__Assigned task__
Your job with the data below is to output exactly the lines from the one holding "Write C = A\<dagger>" down to the one holding "by (simp add: conj_transpose_def matrix_vector_mult_def", both included, and no others.

*** Opening of Dataset content ***

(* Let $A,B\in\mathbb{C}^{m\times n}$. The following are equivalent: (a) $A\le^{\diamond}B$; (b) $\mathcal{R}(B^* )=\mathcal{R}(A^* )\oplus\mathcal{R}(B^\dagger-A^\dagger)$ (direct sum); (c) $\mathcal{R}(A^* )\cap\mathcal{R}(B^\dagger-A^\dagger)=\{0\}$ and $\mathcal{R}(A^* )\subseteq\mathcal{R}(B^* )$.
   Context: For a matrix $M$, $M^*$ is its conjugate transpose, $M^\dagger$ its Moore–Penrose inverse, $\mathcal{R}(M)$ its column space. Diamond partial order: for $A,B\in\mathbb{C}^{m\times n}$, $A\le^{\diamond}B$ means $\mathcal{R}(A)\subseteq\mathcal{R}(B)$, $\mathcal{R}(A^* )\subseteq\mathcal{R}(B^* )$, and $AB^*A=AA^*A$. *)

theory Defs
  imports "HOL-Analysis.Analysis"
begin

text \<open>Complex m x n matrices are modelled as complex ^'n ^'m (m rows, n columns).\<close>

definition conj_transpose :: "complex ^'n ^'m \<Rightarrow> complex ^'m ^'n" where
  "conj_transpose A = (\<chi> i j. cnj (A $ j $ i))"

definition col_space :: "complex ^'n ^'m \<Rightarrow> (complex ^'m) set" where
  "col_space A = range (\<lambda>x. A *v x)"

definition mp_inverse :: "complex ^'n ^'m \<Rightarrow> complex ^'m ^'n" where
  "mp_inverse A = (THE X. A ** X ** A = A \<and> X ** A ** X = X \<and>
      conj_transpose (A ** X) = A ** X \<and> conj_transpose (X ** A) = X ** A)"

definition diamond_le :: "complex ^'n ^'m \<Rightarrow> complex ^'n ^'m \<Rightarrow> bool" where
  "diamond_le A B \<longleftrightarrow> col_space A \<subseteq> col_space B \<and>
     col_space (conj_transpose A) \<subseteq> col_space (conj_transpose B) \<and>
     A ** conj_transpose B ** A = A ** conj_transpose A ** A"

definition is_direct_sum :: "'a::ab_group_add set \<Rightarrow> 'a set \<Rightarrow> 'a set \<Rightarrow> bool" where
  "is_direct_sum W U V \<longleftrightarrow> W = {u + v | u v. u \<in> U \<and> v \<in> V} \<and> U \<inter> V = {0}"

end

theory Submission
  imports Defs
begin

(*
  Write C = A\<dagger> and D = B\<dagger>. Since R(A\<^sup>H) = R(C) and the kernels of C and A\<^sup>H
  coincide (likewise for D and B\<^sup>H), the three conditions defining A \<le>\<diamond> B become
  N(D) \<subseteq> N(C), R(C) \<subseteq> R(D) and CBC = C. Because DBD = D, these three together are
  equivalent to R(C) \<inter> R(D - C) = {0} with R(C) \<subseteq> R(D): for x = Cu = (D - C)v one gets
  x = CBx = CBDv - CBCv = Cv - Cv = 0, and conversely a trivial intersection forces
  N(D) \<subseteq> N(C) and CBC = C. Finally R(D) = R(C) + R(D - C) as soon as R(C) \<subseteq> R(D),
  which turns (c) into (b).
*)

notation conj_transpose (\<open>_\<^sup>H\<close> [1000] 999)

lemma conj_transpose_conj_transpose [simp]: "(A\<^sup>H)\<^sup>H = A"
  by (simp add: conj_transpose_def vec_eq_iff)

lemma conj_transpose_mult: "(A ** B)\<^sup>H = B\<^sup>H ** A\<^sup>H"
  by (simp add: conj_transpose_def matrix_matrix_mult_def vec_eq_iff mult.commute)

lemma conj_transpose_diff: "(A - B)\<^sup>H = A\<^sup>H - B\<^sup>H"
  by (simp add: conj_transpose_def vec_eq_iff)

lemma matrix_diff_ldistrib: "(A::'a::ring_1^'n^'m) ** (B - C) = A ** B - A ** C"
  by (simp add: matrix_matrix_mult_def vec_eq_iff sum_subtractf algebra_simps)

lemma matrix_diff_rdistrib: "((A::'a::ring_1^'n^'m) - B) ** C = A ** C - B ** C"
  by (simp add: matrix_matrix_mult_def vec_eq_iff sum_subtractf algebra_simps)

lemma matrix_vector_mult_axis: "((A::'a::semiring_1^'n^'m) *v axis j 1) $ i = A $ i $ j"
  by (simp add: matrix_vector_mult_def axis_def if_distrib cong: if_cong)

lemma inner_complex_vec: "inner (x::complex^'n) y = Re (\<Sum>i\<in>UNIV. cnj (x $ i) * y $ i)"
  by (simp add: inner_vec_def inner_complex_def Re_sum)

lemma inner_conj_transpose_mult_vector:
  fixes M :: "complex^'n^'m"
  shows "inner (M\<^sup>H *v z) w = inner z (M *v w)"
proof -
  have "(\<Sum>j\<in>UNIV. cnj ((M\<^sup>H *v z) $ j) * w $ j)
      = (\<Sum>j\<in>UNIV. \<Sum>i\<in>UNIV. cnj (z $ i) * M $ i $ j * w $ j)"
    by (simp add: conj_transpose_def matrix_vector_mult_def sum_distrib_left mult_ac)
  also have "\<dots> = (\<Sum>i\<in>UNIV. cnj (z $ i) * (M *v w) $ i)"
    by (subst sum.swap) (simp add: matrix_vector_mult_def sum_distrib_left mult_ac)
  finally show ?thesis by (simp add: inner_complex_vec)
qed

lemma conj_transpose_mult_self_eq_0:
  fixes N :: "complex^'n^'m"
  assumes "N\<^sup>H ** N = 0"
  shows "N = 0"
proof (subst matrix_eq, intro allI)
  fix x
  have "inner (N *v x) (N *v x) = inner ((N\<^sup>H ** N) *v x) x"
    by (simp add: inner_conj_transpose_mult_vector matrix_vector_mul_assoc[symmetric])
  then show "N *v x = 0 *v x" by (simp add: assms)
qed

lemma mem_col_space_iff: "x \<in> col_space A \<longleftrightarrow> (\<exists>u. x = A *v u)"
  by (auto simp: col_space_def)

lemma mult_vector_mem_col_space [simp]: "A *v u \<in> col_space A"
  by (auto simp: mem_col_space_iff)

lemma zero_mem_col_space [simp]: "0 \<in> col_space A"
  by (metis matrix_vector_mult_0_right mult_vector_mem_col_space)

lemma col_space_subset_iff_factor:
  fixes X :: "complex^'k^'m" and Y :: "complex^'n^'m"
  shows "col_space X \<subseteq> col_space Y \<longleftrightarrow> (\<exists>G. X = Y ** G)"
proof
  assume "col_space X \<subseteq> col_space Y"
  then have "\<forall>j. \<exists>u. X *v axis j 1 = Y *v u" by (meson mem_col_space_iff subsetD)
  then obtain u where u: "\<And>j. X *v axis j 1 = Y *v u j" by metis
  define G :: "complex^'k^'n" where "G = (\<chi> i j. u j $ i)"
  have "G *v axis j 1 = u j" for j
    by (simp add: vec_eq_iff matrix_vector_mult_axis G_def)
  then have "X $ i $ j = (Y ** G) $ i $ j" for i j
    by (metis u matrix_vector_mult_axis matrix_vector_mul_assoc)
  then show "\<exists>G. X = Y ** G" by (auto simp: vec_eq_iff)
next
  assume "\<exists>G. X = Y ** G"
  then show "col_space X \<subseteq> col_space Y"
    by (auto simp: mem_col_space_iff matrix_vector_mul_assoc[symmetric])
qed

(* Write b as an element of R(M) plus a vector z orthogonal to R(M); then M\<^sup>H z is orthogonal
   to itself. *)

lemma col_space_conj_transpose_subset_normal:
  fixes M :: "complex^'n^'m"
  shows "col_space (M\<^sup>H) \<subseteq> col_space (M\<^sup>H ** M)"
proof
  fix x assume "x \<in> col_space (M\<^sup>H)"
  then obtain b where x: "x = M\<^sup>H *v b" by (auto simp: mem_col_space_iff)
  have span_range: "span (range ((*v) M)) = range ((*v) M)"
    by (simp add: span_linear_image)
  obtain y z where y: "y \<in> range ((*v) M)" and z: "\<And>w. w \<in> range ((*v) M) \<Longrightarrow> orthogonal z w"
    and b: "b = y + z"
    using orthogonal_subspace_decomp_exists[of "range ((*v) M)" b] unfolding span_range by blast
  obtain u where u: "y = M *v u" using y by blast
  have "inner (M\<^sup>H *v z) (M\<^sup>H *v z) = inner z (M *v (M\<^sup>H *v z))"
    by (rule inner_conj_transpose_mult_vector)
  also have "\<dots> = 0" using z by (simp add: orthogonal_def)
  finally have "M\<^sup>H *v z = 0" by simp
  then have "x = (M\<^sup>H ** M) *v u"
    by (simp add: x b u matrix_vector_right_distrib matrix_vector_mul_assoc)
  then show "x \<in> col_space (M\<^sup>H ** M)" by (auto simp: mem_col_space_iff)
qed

*** Close of Dataset content ***

__Result below__
  Write C = A\<dagger> and D = B\<dagger>. Since R(A\<^sup>H) = R(C) and the kernels of C and A\<^sup>H
  coincide (likewise for D and B\<^sup>H), the three conditions defining A \<le>\<diamond> B become
  N(D) \<subseteq> N(C), R(C) \<subseteq> R(D) and CBC = C. Because DBD = D, these three together are
  equivalent to R(C) \<inter> R(D - C) = {0} with R(C) \<subseteq> R(D): for x = Cu = (D - C)v one gets
  x = CBx = CBDv - CBCv = Cv - Cv = 0, and conversely a trivial intersection forces
  N(D) \<subseteq> N(C) and CBC = C. Finally R(D) = R(C) + R(D - C) as soon as R(C) \<subseteq> R(D),
  which turns (c) into (b).
*)

notation conj_transpose (\<open>_\<^sup>H\<close> [1000] 999)

lemma conj_transpose_conj_transpose [simp]: "(A\<^sup>H)\<^sup>H = A"
  by (simp add: conj_transpose_def vec_eq_iff)

lemma conj_transpose_mult: "(A ** B)\<^sup>H = B\<^sup>H ** A\<^sup>H"
  by (simp add: conj_transpose_def matrix_matrix_mult_def vec_eq_iff mult.commute)

lemma conj_transpose_diff: "(A - B)\<^sup>H = A\<^sup>H - B\<^sup>H"
  by (simp add: conj_transpose_def vec_eq_iff)

lemma matrix_diff_ldistrib: "(A::'a::ring_1^'n^'m) ** (B - C) = A ** B - A ** C"
  by (simp add: matrix_matrix_mult_def vec_eq_iff sum_subtractf algebra_simps)

lemma matrix_diff_rdistrib: "((A::'a::ring_1^'n^'m) - B) ** C = A ** C - B ** C"
  by (simp add: matrix_matrix_mult_def vec_eq_iff sum_subtractf algebra_simps)

lemma matrix_vector_mult_axis: "((A::'a::semiring_1^'n^'m) *v axis j 1) $ i = A $ i $ j"
  by (simp add: matrix_vector_mult_def axis_def if_distrib cong: if_cong)

lemma inner_complex_vec: "inner (x::complex^'n) y = Re (\<Sum>i\<in>UNIV. cnj (x $ i) * y $ i)"
  by (simp add: inner_vec_def inner_complex_def Re_sum)

lemma inner_conj_transpose_mult_vector:
  fixes M :: "complex^'n^'m"
  shows "inner (M\<^sup>H *v z) w = inner z (M *v w)"
proof -
  have "(\<Sum>j\<in>UNIV. cnj ((M\<^sup>H *v z) $ j) * w $ j)
      = (\<Sum>j\<in>UNIV. \<Sum>i\<in>UNIV. cnj (z $ i) * M $ i $ j * w $ j)"
    by (simp add: conj_transpose_def matrix_vector_mult_def sum_distrib_left mult_ac)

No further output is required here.